» The input:
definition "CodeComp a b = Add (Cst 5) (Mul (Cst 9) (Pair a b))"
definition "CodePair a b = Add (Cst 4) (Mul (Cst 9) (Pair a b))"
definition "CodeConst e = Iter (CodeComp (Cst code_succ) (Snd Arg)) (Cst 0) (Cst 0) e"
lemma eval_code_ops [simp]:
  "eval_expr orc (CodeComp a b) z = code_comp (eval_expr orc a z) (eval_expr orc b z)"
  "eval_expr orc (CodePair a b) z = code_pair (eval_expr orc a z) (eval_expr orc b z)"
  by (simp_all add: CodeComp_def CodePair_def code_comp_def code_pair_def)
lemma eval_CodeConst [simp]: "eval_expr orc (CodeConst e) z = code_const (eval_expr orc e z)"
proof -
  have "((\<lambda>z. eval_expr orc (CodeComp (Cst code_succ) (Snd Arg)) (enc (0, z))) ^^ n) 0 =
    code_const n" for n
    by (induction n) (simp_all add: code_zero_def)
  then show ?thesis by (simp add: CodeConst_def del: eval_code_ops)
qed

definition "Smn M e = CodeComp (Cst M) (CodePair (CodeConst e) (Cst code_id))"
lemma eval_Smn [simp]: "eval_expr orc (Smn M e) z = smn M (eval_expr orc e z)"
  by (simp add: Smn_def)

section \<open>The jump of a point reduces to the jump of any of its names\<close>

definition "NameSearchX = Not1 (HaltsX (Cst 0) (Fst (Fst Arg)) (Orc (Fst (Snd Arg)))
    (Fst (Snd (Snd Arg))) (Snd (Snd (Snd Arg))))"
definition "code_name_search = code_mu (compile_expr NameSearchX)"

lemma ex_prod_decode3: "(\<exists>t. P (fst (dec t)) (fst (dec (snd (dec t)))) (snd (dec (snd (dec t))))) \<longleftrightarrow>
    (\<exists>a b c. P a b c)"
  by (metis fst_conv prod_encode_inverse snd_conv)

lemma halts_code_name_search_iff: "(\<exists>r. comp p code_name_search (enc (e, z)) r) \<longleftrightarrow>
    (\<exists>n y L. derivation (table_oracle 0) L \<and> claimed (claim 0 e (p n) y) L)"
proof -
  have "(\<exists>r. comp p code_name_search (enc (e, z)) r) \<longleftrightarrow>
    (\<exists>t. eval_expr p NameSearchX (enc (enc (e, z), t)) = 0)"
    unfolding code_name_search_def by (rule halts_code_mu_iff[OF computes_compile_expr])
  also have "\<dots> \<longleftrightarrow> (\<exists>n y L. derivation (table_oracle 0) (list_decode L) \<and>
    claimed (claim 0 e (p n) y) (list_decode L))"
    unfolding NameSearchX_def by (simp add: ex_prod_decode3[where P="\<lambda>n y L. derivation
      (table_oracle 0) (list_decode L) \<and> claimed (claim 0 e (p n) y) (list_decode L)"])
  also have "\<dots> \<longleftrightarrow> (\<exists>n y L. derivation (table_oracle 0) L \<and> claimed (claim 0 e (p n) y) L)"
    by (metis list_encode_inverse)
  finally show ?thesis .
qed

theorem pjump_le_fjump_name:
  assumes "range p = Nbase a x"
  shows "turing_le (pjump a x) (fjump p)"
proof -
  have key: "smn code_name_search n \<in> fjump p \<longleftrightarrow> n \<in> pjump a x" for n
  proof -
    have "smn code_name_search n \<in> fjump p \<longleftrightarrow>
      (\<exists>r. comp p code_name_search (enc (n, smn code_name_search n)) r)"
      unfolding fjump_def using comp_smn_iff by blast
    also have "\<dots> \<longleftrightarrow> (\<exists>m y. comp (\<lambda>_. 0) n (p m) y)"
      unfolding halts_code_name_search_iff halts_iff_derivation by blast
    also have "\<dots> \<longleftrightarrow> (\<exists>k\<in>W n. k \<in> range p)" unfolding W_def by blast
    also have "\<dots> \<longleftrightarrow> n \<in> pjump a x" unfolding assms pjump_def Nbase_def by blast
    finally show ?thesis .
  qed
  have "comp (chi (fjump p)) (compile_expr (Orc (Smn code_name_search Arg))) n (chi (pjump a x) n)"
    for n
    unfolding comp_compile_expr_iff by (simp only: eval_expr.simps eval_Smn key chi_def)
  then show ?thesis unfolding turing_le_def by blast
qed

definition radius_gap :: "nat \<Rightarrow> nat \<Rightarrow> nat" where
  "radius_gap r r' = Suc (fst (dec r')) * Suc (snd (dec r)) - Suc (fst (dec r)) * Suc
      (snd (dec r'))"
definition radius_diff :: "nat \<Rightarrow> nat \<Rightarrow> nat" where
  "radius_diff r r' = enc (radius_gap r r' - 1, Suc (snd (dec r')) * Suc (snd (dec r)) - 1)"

* * *

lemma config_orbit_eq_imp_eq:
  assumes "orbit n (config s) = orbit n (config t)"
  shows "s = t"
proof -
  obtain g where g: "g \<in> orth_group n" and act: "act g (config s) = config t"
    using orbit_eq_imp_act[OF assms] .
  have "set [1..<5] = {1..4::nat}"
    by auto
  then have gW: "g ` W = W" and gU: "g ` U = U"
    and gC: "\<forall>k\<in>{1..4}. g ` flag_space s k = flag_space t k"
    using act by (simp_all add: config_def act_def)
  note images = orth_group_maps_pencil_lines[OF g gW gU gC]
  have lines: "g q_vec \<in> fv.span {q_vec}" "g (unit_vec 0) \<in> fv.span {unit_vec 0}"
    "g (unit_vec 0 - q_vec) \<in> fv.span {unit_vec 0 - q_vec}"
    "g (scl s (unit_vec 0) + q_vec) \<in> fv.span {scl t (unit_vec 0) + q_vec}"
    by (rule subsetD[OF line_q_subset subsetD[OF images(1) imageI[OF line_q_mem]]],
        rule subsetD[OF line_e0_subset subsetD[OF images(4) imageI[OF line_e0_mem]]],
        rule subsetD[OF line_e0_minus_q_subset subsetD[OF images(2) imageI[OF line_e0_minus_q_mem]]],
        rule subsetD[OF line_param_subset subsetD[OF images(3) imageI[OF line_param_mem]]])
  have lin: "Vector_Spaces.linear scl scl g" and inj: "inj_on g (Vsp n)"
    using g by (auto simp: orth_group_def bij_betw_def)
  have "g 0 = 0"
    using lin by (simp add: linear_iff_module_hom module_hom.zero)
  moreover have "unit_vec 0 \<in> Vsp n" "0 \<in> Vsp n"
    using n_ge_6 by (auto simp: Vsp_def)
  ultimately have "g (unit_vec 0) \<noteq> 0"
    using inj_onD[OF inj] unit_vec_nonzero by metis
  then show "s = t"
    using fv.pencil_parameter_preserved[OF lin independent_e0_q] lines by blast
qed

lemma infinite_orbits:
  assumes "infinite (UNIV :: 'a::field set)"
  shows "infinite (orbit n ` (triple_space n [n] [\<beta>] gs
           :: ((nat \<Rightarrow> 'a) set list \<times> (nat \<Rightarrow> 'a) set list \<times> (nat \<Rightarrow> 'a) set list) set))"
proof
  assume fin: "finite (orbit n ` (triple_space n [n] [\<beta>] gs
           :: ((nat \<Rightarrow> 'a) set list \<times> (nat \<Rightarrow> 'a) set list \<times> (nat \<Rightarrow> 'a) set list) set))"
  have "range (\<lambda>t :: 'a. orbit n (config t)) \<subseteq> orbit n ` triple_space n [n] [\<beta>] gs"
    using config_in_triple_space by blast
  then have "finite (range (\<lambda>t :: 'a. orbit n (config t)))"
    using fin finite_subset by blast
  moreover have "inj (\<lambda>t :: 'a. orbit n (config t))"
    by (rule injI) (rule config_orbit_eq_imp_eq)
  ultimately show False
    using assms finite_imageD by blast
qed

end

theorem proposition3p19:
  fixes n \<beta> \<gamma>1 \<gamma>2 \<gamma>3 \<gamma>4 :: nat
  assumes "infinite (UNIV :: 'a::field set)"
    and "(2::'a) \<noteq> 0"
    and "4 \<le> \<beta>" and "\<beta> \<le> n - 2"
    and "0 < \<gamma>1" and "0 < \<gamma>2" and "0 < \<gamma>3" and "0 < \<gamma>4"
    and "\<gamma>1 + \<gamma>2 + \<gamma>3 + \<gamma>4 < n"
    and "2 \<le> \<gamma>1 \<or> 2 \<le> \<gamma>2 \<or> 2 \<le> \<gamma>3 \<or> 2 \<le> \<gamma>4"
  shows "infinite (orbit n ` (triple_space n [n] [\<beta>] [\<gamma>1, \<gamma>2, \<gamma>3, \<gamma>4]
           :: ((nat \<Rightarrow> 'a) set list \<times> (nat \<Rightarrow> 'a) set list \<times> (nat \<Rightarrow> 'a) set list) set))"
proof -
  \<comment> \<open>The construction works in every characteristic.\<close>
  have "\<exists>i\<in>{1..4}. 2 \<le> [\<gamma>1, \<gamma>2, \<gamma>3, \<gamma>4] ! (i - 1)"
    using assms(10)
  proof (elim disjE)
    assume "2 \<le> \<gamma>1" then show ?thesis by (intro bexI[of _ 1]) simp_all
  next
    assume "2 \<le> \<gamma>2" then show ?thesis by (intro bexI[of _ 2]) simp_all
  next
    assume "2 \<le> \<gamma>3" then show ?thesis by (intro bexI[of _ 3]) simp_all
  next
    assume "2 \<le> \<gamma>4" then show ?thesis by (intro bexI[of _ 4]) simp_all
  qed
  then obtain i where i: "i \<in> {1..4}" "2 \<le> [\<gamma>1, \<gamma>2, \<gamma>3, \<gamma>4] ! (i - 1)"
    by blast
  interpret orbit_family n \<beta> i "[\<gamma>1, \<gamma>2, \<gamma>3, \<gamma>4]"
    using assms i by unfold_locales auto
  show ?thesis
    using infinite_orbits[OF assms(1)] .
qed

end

» Task requirements: Please reproduce exactly the lines in the listing above from the one containing "unfolding comp_compile_expr_iff by" through the one containing "enc (radius_gap r", both included, and nothing more.

» Task answer:
    unfolding comp_compile_expr_iff by (simp only: eval_expr.simps eval_Smn key chi_def)
  then show ?thesis unfolding turing_le_def by blast
qed

definition radius_gap :: "nat \<Rightarrow> nat \<Rightarrow> nat" where
  "radius_gap r r' = Suc (fst (dec r')) * Suc (snd (dec r)) - Suc (fst (dec r)) * Suc
      (snd (dec r'))"
definition radius_diff :: "nat \<Rightarrow> nat \<Rightarrow> nat" where
  "radius_diff r r' = enc (radius_gap r r' - 1, Suc (snd (dec r')) * Suc (snd (dec r)) - 1)"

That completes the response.